The Slow Fuel Movement
Driving from San Diego to San Francisco in an electric Fiat 500e is like using a Norelco to cut your lawn. An 85-mile range and a four-hour charging time make the 500-mile trip a near impossibility if you’re depending on public infrastructure. But there is another way: Download the PlugShare app, which maps charging stations, including those in the garages of your fellow Americans. More than 5800 people have added their homes to the nationwide database, inviting strangers to use their electricity and their toilets.
Many are in California. We found 65 in San Diego, including one at a bayfront beach house owned by Lew Mills, a clinical psychotherapist. When we called to invite ourselves over, he replied: “I’m having a party. I’ll put you on the guest list.”
Stopping to purchase a $28 bottle of rye, we were obeying not just party-going politesse, but also a convention of PlugSharing. This would-be utopian collective operates on a barter economy, such that private charging often ends up costing magnitudes more than the $2 you’d pay to charge at a commercial station. It’s designed to be used in emergencies, when there are no public stations available. Or for when you’re desperately lonely.
Mills barefooted out to hook up the Fiat in his garage and then invited us to revel. He said he shares his plug to help combat range anxiety, the electric car’s most pernicious foe.
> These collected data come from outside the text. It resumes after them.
(* Let $R$ and $B$ be disjoint finite sets of points in the plane such that no three points of $R\cup B$ are collinear, and let $f:R\to\{2,3,4,\ldots\}$ be a function. If $|B|=\sum_{x\in R}(f(x)-2)+2$, then there exists a non-crossing geometric spanning tree $T$ on $R\cup B$ such that the set of leaves of $T$ is exactly $B$ and $\deg_T(x)=f(x)$ for every $x\in R$.
   Context: A geometric spanning tree on a point set $P$ is a tree with vertex set $P$ whose edges are drawn as straight-line segments between their endpoints; it is non-crossing if no two edges intersect except at a common endpoint. $\deg_T(v)$ denotes the degree of vertex $v$ in $T$, and a leaf is a vertex of degree one. *)

theory Defs
  imports "HOL-Analysis.Analysis"
begin

type_synonym point = "real \<times> real"

definition adj :: "'a set set \<Rightarrow> 'a \<Rightarrow> 'a \<Rightarrow> bool" where
  "adj E u v \<longleftrightarrow> {u, v} \<in> E \<and> u \<noteq> v"

definition graph_on :: "'a set \<Rightarrow> 'a set set \<Rightarrow> bool" where
  "graph_on V E \<longleftrightarrow> (\<forall>e\<in>E. e \<subseteq> V \<and> card e = 2)"

definition connected_graph :: "'a set \<Rightarrow> 'a set set \<Rightarrow> bool" where
  "connected_graph V E \<longleftrightarrow> (\<forall>u\<in>V. \<forall>v\<in>V. (adj E)\<^sup>*\<^sup>* u v)"

definition is_cycle :: "'a set set \<Rightarrow> 'a list \<Rightarrow> bool" where
  "is_cycle E vs \<longleftrightarrow> length vs \<ge> 3 \<and> distinct vs \<and>
     (\<forall>i. Suc i < length vs \<longrightarrow> adj E (vs ! i) (vs ! Suc i)) \<and>
     adj E (last vs) (hd vs)"

definition is_tree :: "'a set \<Rightarrow> 'a set set \<Rightarrow> bool" where
  "is_tree V E \<longleftrightarrow> graph_on V E \<and> connected_graph V E \<and> (\<nexists>vs. is_cycle E vs)"

definition degree :: "'a set set \<Rightarrow> 'a \<Rightarrow> nat" where
  "degree E v = card {e \<in> E. v \<in> e}"

definition leaves :: "'a set \<Rightarrow> 'a set set \<Rightarrow> 'a set" where
  "leaves V E = {v \<in> V. degree E v = 1}"

definition non_crossing :: "point set set \<Rightarrow> bool" where
  "non_crossing E \<longleftrightarrow> (\<forall>a b c d. {a, b} \<in> E \<longrightarrow> {c, d} \<in> E \<longrightarrow> {a, b} \<noteq> {c, d} \<longrightarrow>
      closed_segment a b \<inter> closed_segment c d \<subseteq> {a, b} \<inter> {c, d})"

definition no_three_collinear :: "point set \<Rightarrow> bool" where
  "no_three_collinear P \<longleftrightarrow> (\<forall>S \<subseteq> P. card S = 3 \<longrightarrow> \<not> collinear S)"

end

theory Submission
  imports Defs
begin

(* We prove the stronger statement that every tree degree sequence g (g >= 1 and
   sum (g x - 2) = -2) on a finite point set P in general position is the degree
   function of a non-crossing spanning tree, by induction on |P|.  Take the lowest-leftmost
   point p and list the other points counterclockwise around p.  Along this list the prefix
   sums of g - 2 drop by at most one per step, so a discrete intermediate value argument
   yields a line through p and one listed point that splits P into two parts meeting in a
   single point v, each of which carries a tree degree sequence once the degree of v is
   shared between them.  The trees obtained by induction lie in opposite closed half-planes
   and touch only at v, so their union is the required tree. *)

section \<open>Trees glued at a common vertex\<close>

lemma graph_on_edgeD:
  assumes "graph_on V E" "{a, b} \<in> E"
  shows "a \<noteq> b" "a \<in> V" "b \<in> V"
  using assms unfolding graph_on_def by (auto simp: card_insert_if split: if_splits)

lemma finite_edges: "graph_on V E \<Longrightarrow> finite V \<Longrightarrow> finite E"
  unfolding graph_on_def by (meson Pow_iff finite_Pow_iff rev_finite_subset subsetI)

lemma degree_eq_0_if_not_vertex: "graph_on V E \<Longrightarrow> x \<notin> V \<Longrightarrow> degree E x = 0"
  unfolding graph_on_def degree_def by (metis (no_types, lifting) card.empty empty_Collect_eq subsetD)
lemma total_energy_has_real_derivative:
  fixes \<Omega> U :: "'a::euclidean_space set" and I :: "real set" and u p :: "real \<Rightarrow> real"
    and \<rho> \<rho>_t :: "real \<Rightarrow> 'a \<Rightarrow> real" and v v_t :: "real \<Rightarrow> 'a \<Rightarrow> 'b::real_inner"
  assumes \<Omega>: "bounded \<Omega>" "\<Omega> \<in> lmeasurable" "closure \<Omega> \<subseteq> U" and I: "open I" "t0 \<in> I"
    and pos: "\<And>t x. t \<in> I \<Longrightarrow> x \<in> U \<Longrightarrow> \<rho> t x > 0"
    and p: "continuous_on {0<..} p" and u: "\<And>s. s > 0 \<Longrightarrow> (u has_real_derivative p s / s\<^sup>2) (at s)"
    and \<rho>_t: "\<And>t x. t \<in> I \<Longrightarrow> x \<in> U \<Longrightarrow> ((\<lambda>s. \<rho> s x) has_real_derivative \<rho>_t t x) (at t)"
    and v_t: "\<And>t x. t \<in> I \<Longrightarrow> x \<in> U \<Longrightarrow> ((\<lambda>s. v s x) has_vector_derivative v_t t x) (at t)"
    and cont: "continuous_on (I \<times> U) (\<lambda>(t, x). \<rho> t x)" "continuous_on (I \<times> U) (\<lambda>(t, x). v t x)"
      "continuous_on (I \<times> U) (\<lambda>(t, x). \<rho>_t t x)" "continuous_on (I \<times> U) (\<lambda>(t, x). v_t t x)"
  shows "((\<lambda>t. integral \<Omega> (\<lambda>x. (1/2) * \<rho> t x * (v t x \<bullet> v t x) + \<rho> t x * u (\<rho> t x)))
    has_real_derivative integral \<Omega> (\<lambda>x. \<rho>_t t0 x * ((1/2) * (v t0 x \<bullet> v t0 x)
      + (u (\<rho> t0 x) + p (\<rho> t0 x) / \<rho> t0 x)) + (\<rho> t0 x *\<^sub>R v t0 x) \<bullet> v_t t0 x)) (at t0)"
proof -
  define f where "f t x = (1/2) * \<rho> t x * (v t x \<bullet> v t x) + \<rho> t x * u (\<rho> t x)" for t x
  define f' where "f' t x = \<rho>_t t x * ((1/2) * (v t x \<bullet> v t x) + (u (\<rho> t x) + p (\<rho> t x) / \<rho> t x))
    + (\<rho> t x *\<^sub>R v t x) \<bullet> v_t t x" for t x
  have "continuous_on {0<..} u"
    using u by (meson DERIV_isCont continuous_at_imp_continuous_on greaterThan_iff)
  moreover have "continuous_on (I \<times> U) (\<lambda>z. \<rho> (fst z) (snd z))" "continuous_on (I \<times> U) (\<lambda>z. v (fst z) (snd z))"
    "continuous_on (I \<times> U) (\<lambda>z. \<rho>_t (fst z) (snd z))" "continuous_on (I \<times> U) (\<lambda>z. v_t (fst z) (snd z))"
    using cont by (simp_all add: case_prod_beta)
  moreover have "\<rho> t x \<noteq> 0" if "t \<in> I" "x \<in> U" for t x
    using pos[OF that] by simp
  ultimately have "continuous_on (I \<times> U) (\<lambda>z. f (fst z) (snd z))"
    "continuous_on (I \<times> U) (\<lambda>z. f' (fst z) (snd z))"
    unfolding f_def f'_def using p pos
    by (auto intro!: continuous_intros continuous_on_compose2[of "{0<..}" u]
        continuous_on_compose2[of "{0<..}" p])
  moreover have "I \<times> closure \<Omega> \<subseteq> I \<times> U" using \<Omega>(3) by auto
  ultimately have f_cont: "continuous_on (I \<times> closure \<Omega>) (\<lambda>(t, x). f t x)"
    and f'_cont: "continuous_on (I \<times> closure \<Omega>) (\<lambda>(t, x). f' t x)"
    by (simp_all add: case_prod_beta continuous_on_subset)
  have "((\<lambda>t. integral \<Omega> (f t)) has_real_derivative integral \<Omega> (f' t0)) (at t0)"
  proof (rule has_real_derivative_integral[OF _ closure_subset \<Omega>(2) I _ _ f'_cont])
    show "compact (closure \<Omega>)" using \<Omega>(1) by (simp add: compact_closure)
    show "continuous_on (closure \<Omega>) (f t)" if "t \<in> I" for t
      using continuous_on_slice[OF f_cont that order_refl] .
    show "((\<lambda>s. f s x) has_real_derivative f' t x) (at t)" if "t \<in> I" "x \<in> closure \<Omega>" for t x
      using that \<Omega>(3) pos \<rho>_t v_t u unfolding f_def f'_def
      by (intro energy_density_has_real_derivative) auto
  qed
  then show ?thesis unfolding f_def[abs_def] f'_def[abs_def] .
qed
lemma inner_loss_tilde_ge:
  fixes x y :: "'k::finite \<Rightarrow> real"
  assumes "0 < \<epsilon>" "x \<in> simplex_eps \<epsilon>" "y \<in> simplex_eps \<epsilon>" "0 \<le> lam"
  shows "l / x a * (x a - y a) - lam * (real CARD('k) - 1)
           \<le> (\<Sum>i\<in>UNIV. loss_tilde lam \<epsilon> x a l i * (x i - y i))"
proof -
  have "(\<Sum>i\<in>UNIV. loss_tilde lam \<epsilon> x a l i * (x i - y i))
     = (\<Sum>i\<in>UNIV. loss_est x a l i * (x i - y i)) + lam * (\<Sum>i\<in>UNIV. grad_R_eps \<epsilon> x i * (x i - y i))"
    by (simp add: loss_tilde_def distrib_right sum.distrib sum_distrib_left mult.assoc)
  moreover have "(\<Sum>i\<in>UNIV. loss_est x a l i * (x i - y i)) = l / x a * (x a - y a)"
    by (simp add: loss_est_def if_distrib[of "\<lambda>v. v * _"] cong: if_cong)
  moreover have "lam * (1 - real CARD('k)) \<le> lam * (\<Sum>i\<in>UNIV. grad_R_eps \<epsilon> x i * (x i - y i))"
    using inner_grad_R_eps_ge[OF assms(1-3)] assms(4) by (rule mult_left_mono)
  ultimately show ?thesis by (simp add: algebra_simps)
qed

lemma loss_tilde_local_norm_le:
  fixes x :: "'k::finite \<Rightarrow> real"
  assumes "0 < \<epsilon>" "x \<in> simplex_eps \<epsilon>" "0 \<le> lam" "0 \<le> l" "l \<le> 1" "\<alpha> \<le> 1"
  shows "(\<Sum>i\<in>UNIV. x i powr (2 - \<alpha>) * (loss_tilde lam \<epsilon> x a l i)\<^sup>2)
         \<le> (lam / \<epsilon>)\<^sup>2 + 2 * (lam / \<epsilon>) + x a powr (2 - \<alpha>) / (x a)\<^sup>2"
proof -
  have x_pos: "\<And>i. 0 < x i" using simplex_eps_pos[OF assms(1,2)] .
  have x_le: "\<And>i. x i \<le> 1" using simplex_eps_le_1[OF _ assms(2)] assms(1) by simp
  have pw: "x i powr (2 - \<alpha>) \<le> x i" for i
    using x_pos[of i] x_le[of i] assms(6) by (intro powr_le_one_le) auto
  define v where "v = (\<lambda>i. lam * grad_R_eps \<epsilon> x i)"
  have v_nonneg: "0 \<le> v i" and v_le: "v i \<le> lam / \<epsilon>" for i
    using grad_R_eps_bounds[OF assms(1), of x i] assms(2,3)
    by (auto simp: v_def simplex_eps_def intro: mult_left_mono[of _ "1/\<epsilon>" lam, simplified])
  have v_sq: "(v i)\<^sup>2 \<le> (lam / \<epsilon>)\<^sup>2" for i
    using v_nonneg v_le by (intro power_mono)
  have summand_le: "x i powr (2 - \<alpha>) * (loss_tilde lam \<epsilon> x a l i)\<^sup>2
      \<le> x i * (lam / \<epsilon>)\<^sup>2 + (if i = a then 2 * (lam / \<epsilon>) + x a powr (2 - \<alpha>) / (x a)\<^sup>2 else 0)" for i
  proof (cases "i = a")
    case False
    then show ?thesis
      using mult_mono[OF pw[of i] v_sq[of i]] x_pos[of i] by (simp add: loss_tilde_def loss_est_def v_def)
  next
    case True
    define p where "p = x a powr (2 - \<alpha>)"
    have p_nonneg: "0 \<le> p" and p_le: "p \<le> x a" using pw[of a] by (auto simp: p_def)
    have "p * (l / x a + v a)\<^sup>2 = p * l\<^sup>2 / (x a)\<^sup>2 + 2 * (p * (l / x a)) * v a + p * (v a)\<^sup>2"
      using x_pos[of a] by (simp add: power2_eq_square field_simps)
    moreover have "p * l\<^sup>2 / (x a)\<^sup>2 \<le> p / (x a)\<^sup>2"
      using p_nonneg assms(4,5) by (intro divide_right_mono mult_left_le) (auto simp: power_le_one)
    moreover have "p * (l / x a) \<le> 1"
      using mult_mono[OF p_le, of "l / x a" "1 / x a"] x_pos[of a] assms(4,5)
      by (simp add: divide_right_mono)
    then have "2 * (p * (l / x a)) * v a \<le> 2 * (lam / \<epsilon>)"
      using mult_mono[of "p * (l / x a)" 1 "v a" "lam / \<epsilon>"] v_nonneg[of a] v_le[of a] p_nonneg assms(4)
        x_pos[of a] by simp
    moreover have "p * (v a)\<^sup>2 \<le> x a * (lam / \<epsilon>)\<^sup>2"
      using p_le v_sq[of a] p_nonneg by (intro mult_mono) auto
    ultimately show ?thesis using True by (simp add: p_def loss_tilde_def loss_est_def v_def)
  qed
  have "(\<Sum>i\<in>UNIV. x i powr (2 - \<alpha>) * (loss_tilde lam \<epsilon> x a l i)\<^sup>2)
     \<le> (\<Sum>i\<in>UNIV. x i * (lam / \<epsilon>)\<^sup>2 + (if i = a then 2 * (lam / \<epsilon>) + x a powr (2 - \<alpha>) / (x a)\<^sup>2 else 0))"
    by (intro sum_mono summand_le)
  also have "\<dots> = (lam / \<epsilon>)\<^sup>2 + 2 * (lam / \<epsilon>) + x a powr (2 - \<alpha>) / (x a)\<^sup>2"
    using assms(2) by (simp add: sum.distrib sum_distrib_right[symmetric] simplex_eps_def)
  finally show ?thesis .
qed
(* For $j=1,2$ let $a_j\in\mathbb D$, $a_j'=|1+a_j|-1$, $\gamma_{a_j}=\arg(1+\overline{a_j})$, $0\le\gamma_j<2\pi$, and let $f_j=h_j+\overline{g_j}\in\mathcal S(H^{a_j}_{\gamma_j})$ with $h_j(z)+e^{-2i(\gamma_j+\gamma_{a_j})}g_j(z)=\frac{(1+a_j')z}{1-e^{i(\gamma_j+\gamma_{a_j})}z}$ and dilatations $$\omega_{f_1}(z)=e^{2i(\gamma_1+\gamma_{a_1})}\frac{a_1'-ze^{i(\gamma_1+\gamma_{a_1})}}{1-a_1'ze^{i(\gamma_1+\gamma_{a_1})}},\qquad \omega_{f_2}(z)=e^{2i(\gamma_2+\gamma_{a_2})}\frac{a_2'+ze^{i\theta}}{1+a_2'ze^{i\theta}},$$ where $\theta\in\mathbb R$. Suppose one of the following holds: (1) $\cos(\theta-\gamma_2-\gamma_{a_2})=-1$ and $1+3a_1'+3a_2'+a_1'a_2'\ge0$; (2) $\cos(\theta-\gamma_2-\gamma_{a_2})=1$ and $1+3a_1'+3a_1'a_2'+(a_1')^2a_2'>0$. Then $f_1*f_2$ is univalent and convex in the direction $-\Gamma$, where $\Gamma=\gamma_1+\gamma_2+\gamma_{a_1}+\gamma_{a_2}$.
   Context: $\mathbb D$ is the open unit disk. Harmonic $f=h+\overline g$ on $\mathbb D$ ($h,g$ analytic, $g(0)=0$), dilatation $\omega_f=g'/h'$; $\mathcal H$: those with $h(0)=g(0)=0$, $h'(0)=1$; $\mathcal S_H$: sense-preserving ($|h'|>|g'|$) univalent members of $\mathcal H$. $H^a_\gamma=\{w:\mathrm{Re}(\frac{e^{i\gamma}}{1+a}w)>-\frac12\}$, $\mathcal S(H^a_\gamma)=\{f\in\mathcal S_H:f(\mathbb D)=H^a_\gamma\}$. Harmonic convolution: $f*F=\sum a_nA_nz^n+\sum\overline{b_nB_n}\,\overline z^n$ for $f=\sum a_nz^n+\sum\overline{b_n}\,\overline z^n$, $F=\sum A_nz^n+\sum\overline{B_n}\,\overline z^n$. A univalent map $f$ is convex in the direction $\alpha$ (modulo $\pi$) if each line parallel to the line through $0$ and $e^{i\alpha}$ meets $f(\mathbb D)$ in an interval or the empty set. *)

theory Defs
  imports "HOL-Analysis.Analysis"
begin

definition unit_disk :: "complex set" where
  "unit_disk = ball 0 1"

definition taylor_coeff :: "(complex \<Rightarrow> complex) \<Rightarrow> nat \<Rightarrow> complex" where
  "taylor_coeff h n = (deriv ^^ n) h 0 / fact n"

definition hadamard :: "(complex \<Rightarrow> complex) \<Rightarrow> (complex \<Rightarrow> complex) \<Rightarrow> complex \<Rightarrow> complex" where
  "hadamard h H z = (\<Sum>n. taylor_coeff h n * taylor_coeff H n * z ^ n)"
The next day, 75 miles north in San Juan Capistrano, Judy Soroudi also invited us inside after plugging us in. “You shouldn’t have come to a Jewish mother’s house,” she said, “if you didn’t want chicken soup.”
After feeding us, she told a wistful story of giving a sea captain a ride to his regatta while his vehicle was charging. Chauffeuring visitors is commonplace among PlugSharers, out of kindness but also because it’s easier to drive someone 10 minutes down the road than to entertain them for hours while their car recharges. Soroudi said she had no qualms about inviting strangers into her house because “people who care about the environment are nice.”
Not that all PlugSharers are peaceniks or reek of patchouli. Dan Flaherty’s Annapolis ring glinted from the sunlight streaming into his Malibu home, where he offered coffee and bacon while the Fiat juiced up. The former fighter pilot and Harvard Business School–educated CFO told us that he signed up for PlugShare to usher in the future.
Eighty-five miles north in Santa Barbara, Jay Hennigan said that yes, his plug was available, but he pointed us to exactly that future in the form of a public charging station at a nearby bank. After experiencing the camaraderie of PlugSharing, charging there felt like being a fisherman eating canned tuna at sea.
Steve Scholpp’s house in Cambria was indispensable, as topping off the battery at his carport is the only way to make the 75 mountainous miles to Big Sur. Hypermiling through the Santa Lucia Mountains was like riding a very slow roller coaster. We chugged up the peaks at a range-maximizing pace slow enough to anger Winnebagos, and then regenerated into the valleys as if riding a one-car Space Mountain.
Farther up the coast, while we were charging at Will and Jill Beckett’s house in Santa Cruz, Jill made an observation about the world of EVs, which she described as “inhabited by nerds who only like to talk to each other about cars.” In their own way, EV drivers are every bit as enthusiastic as the guy who shows up at the Porsche Club dinner flying Martini colors. It is a tight cohort, implicitly trusting and almost tribal.
But the conditions that make this possible will not exist forever. As the public infrastructure gets built and electric cars become more widespread, the community will undoubtedly become diluted. This is PlugSharing’s summer of love.